К своей второй жене, Прасковье Ивановне, он, по собственному признанию, питал чувства благодарного клиента, отождествляя ее с комбинатом бытового обслуживания. Правда, благодарностей жене он за неимением книги отзывов не писал. Но и не жаловался на нее. Тем более что Прасковья Ивановна воспитывала с малых лет его сына от первого брака.

И захотелось Андрею Петровичу перенести совместное проживание в новые стены. Стал он собирать деньги на сберкнижку для строительства рядом со старым домовладением нового. Но замечает, что деньги собираются с большим скрипом и повинна в том жена, Прасковья Ивановна. Не оказалось у нее таланта к экономной жизни, способности к накопительству. Только фундамент и удалось поставить. А также приобрести кое-какие материалы.

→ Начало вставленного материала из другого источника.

(* Let $G$ be a $6$-regular graph, $\mathcal S$ a canonical path partition of $G$, and $P$ a path component with end-vertices $o_1,o_2$. Let $x_1,x_2\in V_2$ be path neighbors on $P$, with $x_1$ immediately preceding $x_2$ when $P$ is traversed from $o_1$ to $o_2$. If $x_1$ goes to $o_2$, then $o_2$ is the only vertex that $x_2$ goes to.
   Context: All graphs are finite, simple and undirected. A path partition of $G=(V,E)$ is a set of vertex-disjoint paths (single vertices allowed) covering $V$; its members are components. A component with $t\ge3$ vertices is a cycle component if the subgraph induced on its vertex set has a spanning cycle; a one-vertex component is an isolated vertex; every other component is a path component. A path partition is canonical if (1) it has the minimum number of components among all path partitions of $G$; (2) among those, it has the maximum number of cycle components; (3) it has no isolated vertices. Given a canonical path partition $\mathcal S$ of $G$: two vertices are path neighbors if they are consecutive on a path component. An edge of $G$ is a free edge unless it joins two path neighbors or has both endpoints in the same cycle component. $V_1$ is the set of end-vertices of path components together with all vertices of cycle components. $V_2$ is the set of vertices not in $V_1$ that are joined by a free edge to a vertex of $V_1$. A balanced edge is a free edge with one endpoint in $V_1$ and the other in $V_2$; for $x\in V_2$, $y\in V_1$ we say $x$ goes to $y$ if $xy$ is a balanced edge. *)

theory Defs
  imports Main
begin

definition graph :: "'a set \<Rightarrow> ('a \<Rightarrow> 'a \<Rightarrow> bool) \<Rightarrow> bool" where
  "graph V E \<longleftrightarrow> finite V \<and> (\<forall>u v. E u v \<longrightarrow> u \<in> V \<and> v \<in> V)
     \<and> (\<forall>u v. E u v \<longrightarrow> E v u) \<and> (\<forall>u. \<not> E u u)"

definition regular :: "nat \<Rightarrow> 'a set \<Rightarrow> ('a \<Rightarrow> 'a \<Rightarrow> bool) \<Rightarrow> bool" where
  "regular k V E \<longleftrightarrow> graph V E \<and> (\<forall>v\<in>V. card {u\<in>V. E v u} = k)"

definition is_path :: "'a set \<Rightarrow> ('a \<Rightarrow> 'a \<Rightarrow> bool) \<Rightarrow> 'a list \<Rightarrow> bool" where
  "is_path V E p \<longleftrightarrow> p \<noteq> [] \<and> distinct p \<and> set p \<subseteq> V
     \<and> (\<forall>i. Suc i < length p \<longrightarrow> E (p ! i) (p ! Suc i))"

definition path_partition :: "'a set \<Rightarrow> ('a \<Rightarrow> 'a \<Rightarrow> bool) \<Rightarrow> 'a list set \<Rightarrow> bool" where
  "path_partition V E S \<longleftrightarrow> (\<forall>p\<in>S. is_path V E p)
     \<and> (\<forall>p\<in>S. \<forall>q\<in>S. p \<noteq> q \<longrightarrow> set p \<inter> set q = {})
     \<and> (\<Union>p\<in>S. set p) = V"

definition has_spanning_cycle :: "('a \<Rightarrow> 'a \<Rightarrow> bool) \<Rightarrow> 'a set \<Rightarrow> bool" where
  "has_spanning_cycle E W \<longleftrightarrow> (\<exists>c. distinct c \<and> set c = W \<and> length c \<ge> 3
     \<and> (\<forall>i. Suc i < length c \<longrightarrow> E (c ! i) (c ! Suc i))
     \<and> E (last c) (hd c))"

definition cycle_component :: "('a \<Rightarrow> 'a \<Rightarrow> bool) \<Rightarrow> 'a list \<Rightarrow> bool" where
  "cycle_component E p \<longleftrightarrow> length p \<ge> 3 \<and> has_spanning_cycle E (set p)"

definition isolated_component :: "'a list \<Rightarrow> bool" where
  "isolated_component p \<longleftrightarrow> length p = 1"

definition path_component :: "('a \<Rightarrow> 'a \<Rightarrow> bool) \<Rightarrow> 'a list \<Rightarrow> bool" where
  "path_component E p \<longleftrightarrow> \<not> cycle_component E p \<and> \<not> isolated_component p"

definition num_cycle_components :: "('a \<Rightarrow> 'a \<Rightarrow> bool) \<Rightarrow> 'a list set \<Rightarrow> nat" where
  "num_cycle_components E S = card {p\<in>S. cycle_component E p}"

definition canonical :: "'a set \<Rightarrow> ('a \<Rightarrow> 'a \<Rightarrow> bool) \<Rightarrow> 'a list set \<Rightarrow> bool" where
  "canonical V E S \<longleftrightarrow> path_partition V E S
     \<and> (\<forall>T. path_partition V E T \<longrightarrow> card S \<le> card T)
     \<and> (\<forall>T. path_partition V E T \<and> card T = card S
            \<longrightarrow> num_cycle_components E T \<le> num_cycle_components E S)
     \<and> (\<forall>p\<in>S. \<not> isolated_component p)"

definition path_neighbors :: "('a \<Rightarrow> 'a \<Rightarrow> bool) \<Rightarrow> 'a list set \<Rightarrow> 'a \<Rightarrow> 'a \<Rightarrow> bool" where
  "path_neighbors E S u v \<longleftrightarrow> (\<exists>p\<in>S. path_component E p \<and>
     (\<exists>i. Suc i < length p \<and> ((p ! i = u \<and> p ! Suc i = v) \<or> (p ! i = v \<and> p ! Suc i = u))))"

definition free_edge :: "('a \<Rightarrow> 'a \<Rightarrow> bool) \<Rightarrow> 'a list set \<Rightarrow> 'a \<Rightarrow> 'a \<Rightarrow> bool" where
  "free_edge E S u v \<longleftrightarrow> E u v \<and> \<not> path_neighbors E S u v
     \<and> \<not> (\<exists>p\<in>S. cycle_component E p \<and> u \<in> set p \<and> v \<in> set p)"

definition V1 :: "('a \<Rightarrow> 'a \<Rightarrow> bool) \<Rightarrow> 'a list set \<Rightarrow> 'a set" where
  "V1 E S = {v. \<exists>p\<in>S. (path_component E p \<and> (v = hd p \<or> v = last p))
                      \<or> (cycle_component E p \<and> v \<in> set p)}"

definition V2 :: "'a set \<Rightarrow> ('a \<Rightarrow> 'a \<Rightarrow> bool) \<Rightarrow> 'a list set \<Rightarrow> 'a set" where
  "V2 V E S = {x\<in>V. x \<notin> V1 E S \<and> (\<exists>y\<in>V1 E S. free_edge E S x y)}"

definition goes_to :: "'a set \<Rightarrow> ('a \<Rightarrow> 'a \<Rightarrow> bool) \<Rightarrow> 'a list set \<Rightarrow> 'a \<Rightarrow> 'a \<Rightarrow> bool" where
  "goes_to V E S x y \<longleftrightarrow> x \<in> V2 V E S \<and> y \<in> V1 E S \<and> free_edge E S x y"

end

theory Submission
  imports Defs
begin

text \<open>Let \<open>x\<^sub>1 = Q ! i\<close> and \<open>x\<^sub>2 = Q ! Suc i\<close>. Since \<open>x\<^sub>1\<close> is adjacent to the end \<open>o\<^sub>2\<close>
of \<open>Q\<close>, the Posa rotation \<open>Q[..x\<^sub>1] o\<^sub>2 \<dots> x\<^sub>2\<close> is another path on the vertex set of \<open>P\<close>,
starting at \<open>o\<^sub>1\<close> and ending at \<open>x\<^sub>2\<close>. If \<open>x\<^sub>2\<close> were adjacent to a vertex \<open>y \<in> V\<^sub>1\<close> other
than \<open>o\<^sub>2\<close>, then either \<open>y = o\<^sub>1\<close> and this path closes to a spanning cycle of \<open>P\<close>, so \<open>P\<close>
would be a cycle component, or \<open>y\<close> lies in another component, which \<open>y\<close> as a vertex of
\<open>V\<^sub>1\<close> lets us traverse by a path starting at \<open>y\<close>; appending it merges two components,
contradicting the minimality of \<open>\<S>\<close>.\<close>

lemma is_path_iff_successively:
  "is_path V E p \<longleftrightarrow> p \<noteq> [] \<and> distinct p \<and> set p \<subseteq> V \<and> successively E p"
  unfolding is_path_def successively_conv_nth by blast

lemma successively_rev_symmetric:
  assumes "\<And>u v. E u v \<Longrightarrow> E v u"
  shows "successively E (rev xs) \<longleftrightarrow> successively E xs"
  by (simp, rule successively_cong) (auto intro: assms)

lemma is_path_rev:
  assumes "\<And>u v. E u v \<Longrightarrow> E v u"
  shows "is_path V E (rev p) \<longleftrightarrow> is_path V E p"
  using successively_rev_symmetric[OF assms, where xs = p]
  by (simp add: is_path_iff_successively del: successively_rev)

lemma finite_path_partition:
  assumes "path_partition V E S" "finite V"
  shows "finite S"
proof -
  have "S \<subseteq> {xs. set xs \<subseteq> V \<and> length xs \<le> card V}"
  proof
    fix p assume "p \<in> S"
    then have "distinct p" "set p \<subseteq> V"
      using assms(1) unfolding path_partition_def is_path_def by auto
    moreover have "length p \<le> card V"
      using \<open>distinct p\<close> \<open>set p \<subseteq> V\<close> card_mono[OF assms(2)] distinct_card by metis
    ultimately show "p \<in> {xs. set xs \<subseteq> V \<and> length xs \<le> card V}" by simp
  qed
  then show ?thesis using finite_subset finite_lists_length_le[OF assms(2)] by blast
qed

lemma path_partition_merge:
  assumes pp: "path_partition V E S" and fin: "finite S"
    and P: "P \<in> S" and R: "R \<in> S" and "P \<noteq> R"
    and c: "is_path V E c" "set c = set P"
    and r: "is_path V E r" "set r = set R"
    and joined: "E (last c) (hd r)"
  shows "\<exists>T. path_partition V E T \<and> card T < card S"
proof -
  define T where "T = insert (c @ r) (S - {P, R})"
  have disjoint: "\<And>p q. p \<in> S \<Longrightarrow> q \<in> S \<Longrightarrow> p \<noteq> q \<Longrightarrow> set p \<inter> set q = {}"
    using pp unfolding path_partition_def by blast
  have set_cr: "set (c @ r) = set P \<union> set R" using c(2) r(2) by auto
  have rest_disjoint: "\<And>q. q \<in> S - {P, R} \<Longrightarrow> set q \<inter> set (c @ r) = {}"
    using disjoint[of _ P] disjoint[of _ R] P R set_cr by blast
  have path: "is_path V E (c @ r)"
    using c r joined disjoint[OF P R \<open>P \<noteq> R\<close>]
    by (auto simp: is_path_iff_successively successively_append_iff)
  have new: "c @ r \<notin> S - {P, R}"
    using rest_disjoint c(1) set_cr by (fastforce simp: is_path_def)
  have "path_partition V E T"
    unfolding path_partition_def
  proof (intro conjI)
    show "\<forall>p\<in>T. is_path V E p"
      using pp path unfolding T_def path_partition_def by auto
    show "\<forall>p\<in>T. \<forall>q\<in>T. p \<noteq> q \<longrightarrow> set p \<inter> set q = {}"
      using disjoint rest_disjoint unfolding T_def by blast
    have "(\<Union>p\<in>T. set p) = set P \<union> set R \<union> (\<Union>p\<in>S - {P, R}. set p)"
      unfolding T_def using set_cr by auto
    also have "\<dots> = (\<Union>p\<in>S. set p)" using P R by blast
    finally show "(\<Union>p\<in>T. set p) = V" using pp unfolding path_partition_def by simp
  qed
  moreover have "card T < card S"
  proof -
    have "card {P, R} = 2" "{P, R} \<subseteq> S" using P R \<open>P \<noteq> R\<close> by auto
    then have "card (S - {P, R}) = card S - 2" "card S \<ge> 2"
      using card_Diff_subset[of "{P, R}" S] card_mono[OF fin, of "{P, R}"] fin by auto
    then show ?thesis unfolding T_def using new fin by simp
  qed
  ultimately show ?thesis by blast
qed

lemma spanning_cycle_path_from:
  assumes "has_spanning_cycle E W" "y \<in> W"
  obtains r where "distinct r" "set r = W" "successively E r" "hd r = y"
proof -
  obtain cy where cy: "distinct cy" "set cy = W" "successively E cy" "E (last cy) (hd cy)"
    using assms(1) unfolding has_spanning_cycle_def successively_conv_nth by blast
  obtain k where k: "k < length cy" "cy ! k = y" using assms(2) cy(2) by (metis in_set_conv_nth)
  have "successively E (drop k cy)" "successively E (take k cy)"
    using cy(3) by (metis append_take_drop_id successively_append_iff)+
  moreover have "take k cy = [] \<or> E (last (drop k cy)) (hd (take k cy))"
    using k cy(4) by (cases k; cases cy) (auto simp: last_drop split: if_splits)
  ultimately have "successively E (rotate k cy)"
    using k by (simp add: rotate_drop_take successively_append_iff)
  moreover have "hd (rotate k cy) = y"
    using k by (simp add: rotate_drop_take hd_drop_conv_nth)
  ultimately show ?thesis using that[of "rotate k cy"] cy(1,2) by simp
qed
lemma c_cod [simp]: "Cod c = PA"
  and c_top: "rx c \<sigma> = Top (Dom c)"
  and c_universal: "Cod f = PA \<Longrightarrow> rx f \<sigma> = Top (Dom f) \<Longrightarrow>
      \<exists>!h. hom T h (Dom f) (Dom c) \<and> cmp c h = f"
  using class_comprehension unfolding full_comprehension_def by blast+

lemma c_mono:
  assumes "Cod u = Dom c" "Cod v = Dom c" "Dom u = Dom v" "cmp c u = cmp c v"
  shows "u = v"
proof -
  have "rx (cmp c u) \<sigma> = Top (Dom (cmp c u))"
    using assms c_top by (simp add: rx_cmp)
  then have "\<exists>!h. hom T h (Dom u) (Dom c) \<and> cmp c h = cmp c u"
    using assms c_universal[of "cmp c u"] by simp
  then show ?thesis
    using assms unfolding hom_def by auto
qed

definition quotient_map where
  "quotient_map = (THE h. hom T h A (Dom c) \<and> cmp c h = class_map)"

lemma quotient_map: "Dom quotient_map = A" "Cod quotient_map = Dom c" "cmp c quotient_map = class_map"
proof -
  have "rx class_map \<sigma> = Top A"
    using holds_class_formula_class_map unfolding holds_def by (intro le_antisym[of _ A]) simp_all
  then have "\<exists>!h. hom T h A (Dom c) \<and> cmp c h = class_map"
    using c_universal[of class_map] by simp
  then have "hom T quotient_map A (Dom c) \<and> cmp c quotient_map = class_map"
    unfolding quotient_map_def by (rule theI')
  then show "Dom quotient_map = A" "Cod quotient_map = Dom c" "cmp c quotient_map = class_map"
    unfolding hom_def by auto
qed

«Трудно жить с человеком твердолобым, если он не хочет поставить свой характер в одну колею жизни», — письменно заявил Андрей Петрович и подал на развод.

Их развели, и Грущенко приступил к совместному ведению хозяйства на жилплощади третьей жены. Сын Вася осудил поступок отца и остался с Прасковьей Ивановной, которую любит и почитает, как мать.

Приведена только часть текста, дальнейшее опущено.